--- What you need to do ---
Where the word "define" shows up in the entries below, please copy the whole line.

[Entries taken from a collection]
————————

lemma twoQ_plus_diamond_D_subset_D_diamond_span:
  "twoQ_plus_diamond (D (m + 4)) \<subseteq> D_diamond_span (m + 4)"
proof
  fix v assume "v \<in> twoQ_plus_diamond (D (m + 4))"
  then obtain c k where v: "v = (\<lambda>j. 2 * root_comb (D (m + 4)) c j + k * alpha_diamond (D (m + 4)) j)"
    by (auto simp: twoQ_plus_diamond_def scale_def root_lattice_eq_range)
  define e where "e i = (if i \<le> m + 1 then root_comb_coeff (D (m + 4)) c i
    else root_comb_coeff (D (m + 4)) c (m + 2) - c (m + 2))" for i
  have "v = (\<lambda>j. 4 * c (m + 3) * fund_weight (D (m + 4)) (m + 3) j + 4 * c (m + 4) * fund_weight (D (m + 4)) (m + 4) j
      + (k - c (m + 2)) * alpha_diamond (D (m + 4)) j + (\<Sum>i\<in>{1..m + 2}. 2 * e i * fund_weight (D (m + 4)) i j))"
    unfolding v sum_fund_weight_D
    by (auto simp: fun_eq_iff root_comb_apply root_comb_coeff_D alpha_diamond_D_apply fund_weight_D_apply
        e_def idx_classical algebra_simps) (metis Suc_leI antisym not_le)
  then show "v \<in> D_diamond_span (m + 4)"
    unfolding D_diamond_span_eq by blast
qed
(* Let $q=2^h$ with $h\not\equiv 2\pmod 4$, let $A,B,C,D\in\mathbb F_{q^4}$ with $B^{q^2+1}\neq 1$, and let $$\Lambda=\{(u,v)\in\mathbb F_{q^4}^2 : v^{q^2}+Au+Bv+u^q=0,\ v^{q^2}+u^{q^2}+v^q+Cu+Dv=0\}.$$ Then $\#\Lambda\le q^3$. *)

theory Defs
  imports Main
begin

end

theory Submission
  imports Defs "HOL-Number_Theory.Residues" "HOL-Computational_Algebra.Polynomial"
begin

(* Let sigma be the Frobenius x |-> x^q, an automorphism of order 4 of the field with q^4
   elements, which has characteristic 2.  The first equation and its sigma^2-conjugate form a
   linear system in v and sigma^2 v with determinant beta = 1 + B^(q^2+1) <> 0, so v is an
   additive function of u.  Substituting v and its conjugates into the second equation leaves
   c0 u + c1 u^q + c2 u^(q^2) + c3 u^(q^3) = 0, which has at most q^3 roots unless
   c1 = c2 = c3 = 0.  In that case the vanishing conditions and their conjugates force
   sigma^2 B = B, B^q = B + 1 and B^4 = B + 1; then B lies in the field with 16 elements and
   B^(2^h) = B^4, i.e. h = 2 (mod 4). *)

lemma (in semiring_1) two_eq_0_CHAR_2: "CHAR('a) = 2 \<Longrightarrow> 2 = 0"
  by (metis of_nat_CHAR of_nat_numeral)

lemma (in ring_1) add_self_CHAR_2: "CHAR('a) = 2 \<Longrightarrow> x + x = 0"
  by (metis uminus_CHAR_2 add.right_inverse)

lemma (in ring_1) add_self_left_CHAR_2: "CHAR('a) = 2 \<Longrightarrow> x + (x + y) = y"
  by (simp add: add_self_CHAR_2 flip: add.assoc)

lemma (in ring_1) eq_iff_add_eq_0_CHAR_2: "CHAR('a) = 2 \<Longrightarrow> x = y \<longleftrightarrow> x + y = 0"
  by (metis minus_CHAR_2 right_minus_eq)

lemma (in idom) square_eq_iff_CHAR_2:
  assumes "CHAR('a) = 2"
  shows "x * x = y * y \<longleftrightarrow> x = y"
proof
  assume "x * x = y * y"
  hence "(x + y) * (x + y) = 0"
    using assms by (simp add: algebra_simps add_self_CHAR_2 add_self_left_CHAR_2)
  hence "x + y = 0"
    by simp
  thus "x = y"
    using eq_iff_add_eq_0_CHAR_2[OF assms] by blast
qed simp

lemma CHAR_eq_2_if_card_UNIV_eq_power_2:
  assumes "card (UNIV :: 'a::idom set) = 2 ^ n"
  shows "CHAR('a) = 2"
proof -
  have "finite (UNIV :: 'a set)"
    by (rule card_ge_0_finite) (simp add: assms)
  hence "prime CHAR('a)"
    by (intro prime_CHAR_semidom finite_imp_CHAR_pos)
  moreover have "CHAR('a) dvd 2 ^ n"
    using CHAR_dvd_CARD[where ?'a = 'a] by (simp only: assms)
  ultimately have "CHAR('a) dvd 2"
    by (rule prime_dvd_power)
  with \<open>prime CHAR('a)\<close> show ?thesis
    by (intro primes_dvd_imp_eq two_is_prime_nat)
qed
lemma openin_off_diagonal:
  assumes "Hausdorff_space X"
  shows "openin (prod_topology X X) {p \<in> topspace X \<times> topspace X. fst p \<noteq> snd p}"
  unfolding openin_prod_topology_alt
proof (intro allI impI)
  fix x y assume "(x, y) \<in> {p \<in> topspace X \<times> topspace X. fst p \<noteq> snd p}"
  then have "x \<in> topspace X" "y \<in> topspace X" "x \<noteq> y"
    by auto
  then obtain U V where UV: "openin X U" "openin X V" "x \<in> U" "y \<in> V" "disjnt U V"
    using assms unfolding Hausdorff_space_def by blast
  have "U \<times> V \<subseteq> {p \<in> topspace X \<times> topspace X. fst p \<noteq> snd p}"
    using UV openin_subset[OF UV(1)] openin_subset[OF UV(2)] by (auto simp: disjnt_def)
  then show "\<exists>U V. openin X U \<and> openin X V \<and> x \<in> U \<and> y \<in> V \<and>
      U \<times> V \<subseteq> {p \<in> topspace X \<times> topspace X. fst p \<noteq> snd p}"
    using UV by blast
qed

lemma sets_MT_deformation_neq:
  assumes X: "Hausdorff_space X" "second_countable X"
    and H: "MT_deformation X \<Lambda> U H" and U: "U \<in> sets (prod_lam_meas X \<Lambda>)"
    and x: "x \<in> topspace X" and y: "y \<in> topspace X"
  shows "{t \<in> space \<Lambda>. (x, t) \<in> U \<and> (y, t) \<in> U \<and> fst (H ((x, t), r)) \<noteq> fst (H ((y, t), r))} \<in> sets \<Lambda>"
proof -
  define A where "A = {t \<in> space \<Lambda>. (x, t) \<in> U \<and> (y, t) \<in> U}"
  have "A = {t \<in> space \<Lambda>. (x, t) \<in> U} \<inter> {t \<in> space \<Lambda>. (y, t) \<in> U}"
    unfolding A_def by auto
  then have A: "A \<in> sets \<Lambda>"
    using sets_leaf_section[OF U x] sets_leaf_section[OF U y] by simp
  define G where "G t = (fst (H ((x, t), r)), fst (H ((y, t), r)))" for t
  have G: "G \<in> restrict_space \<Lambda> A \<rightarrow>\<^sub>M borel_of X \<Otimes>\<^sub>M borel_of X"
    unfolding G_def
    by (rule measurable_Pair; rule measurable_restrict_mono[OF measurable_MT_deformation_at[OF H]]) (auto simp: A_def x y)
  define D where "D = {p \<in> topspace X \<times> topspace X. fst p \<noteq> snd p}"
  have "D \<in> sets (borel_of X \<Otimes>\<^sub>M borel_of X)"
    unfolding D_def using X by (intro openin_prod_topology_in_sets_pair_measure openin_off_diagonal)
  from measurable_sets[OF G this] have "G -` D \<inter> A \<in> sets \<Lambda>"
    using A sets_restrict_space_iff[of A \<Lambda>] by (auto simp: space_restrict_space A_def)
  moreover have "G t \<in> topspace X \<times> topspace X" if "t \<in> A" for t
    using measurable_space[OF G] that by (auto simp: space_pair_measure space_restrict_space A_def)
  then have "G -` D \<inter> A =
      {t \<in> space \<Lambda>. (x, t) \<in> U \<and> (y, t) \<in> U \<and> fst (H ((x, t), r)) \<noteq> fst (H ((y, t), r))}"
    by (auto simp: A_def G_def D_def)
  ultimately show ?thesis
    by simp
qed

————————

--- Exercise solution ---
  define e where "e i = (if i \<le> m + 1 then root_comb_coeff (D (m + 4)) c i
  define A where "A = {t \<in> space \<Lambda>. (x, t) \<in> U \<and> (y, t) \<in> U}"
  define G where "G t = (fst (H ((x, t), r)), fst (H ((y, t), r)))" for t
  define D where "D = {p \<in> topspace X \<times> topspace X. fst p \<noteq> snd p}"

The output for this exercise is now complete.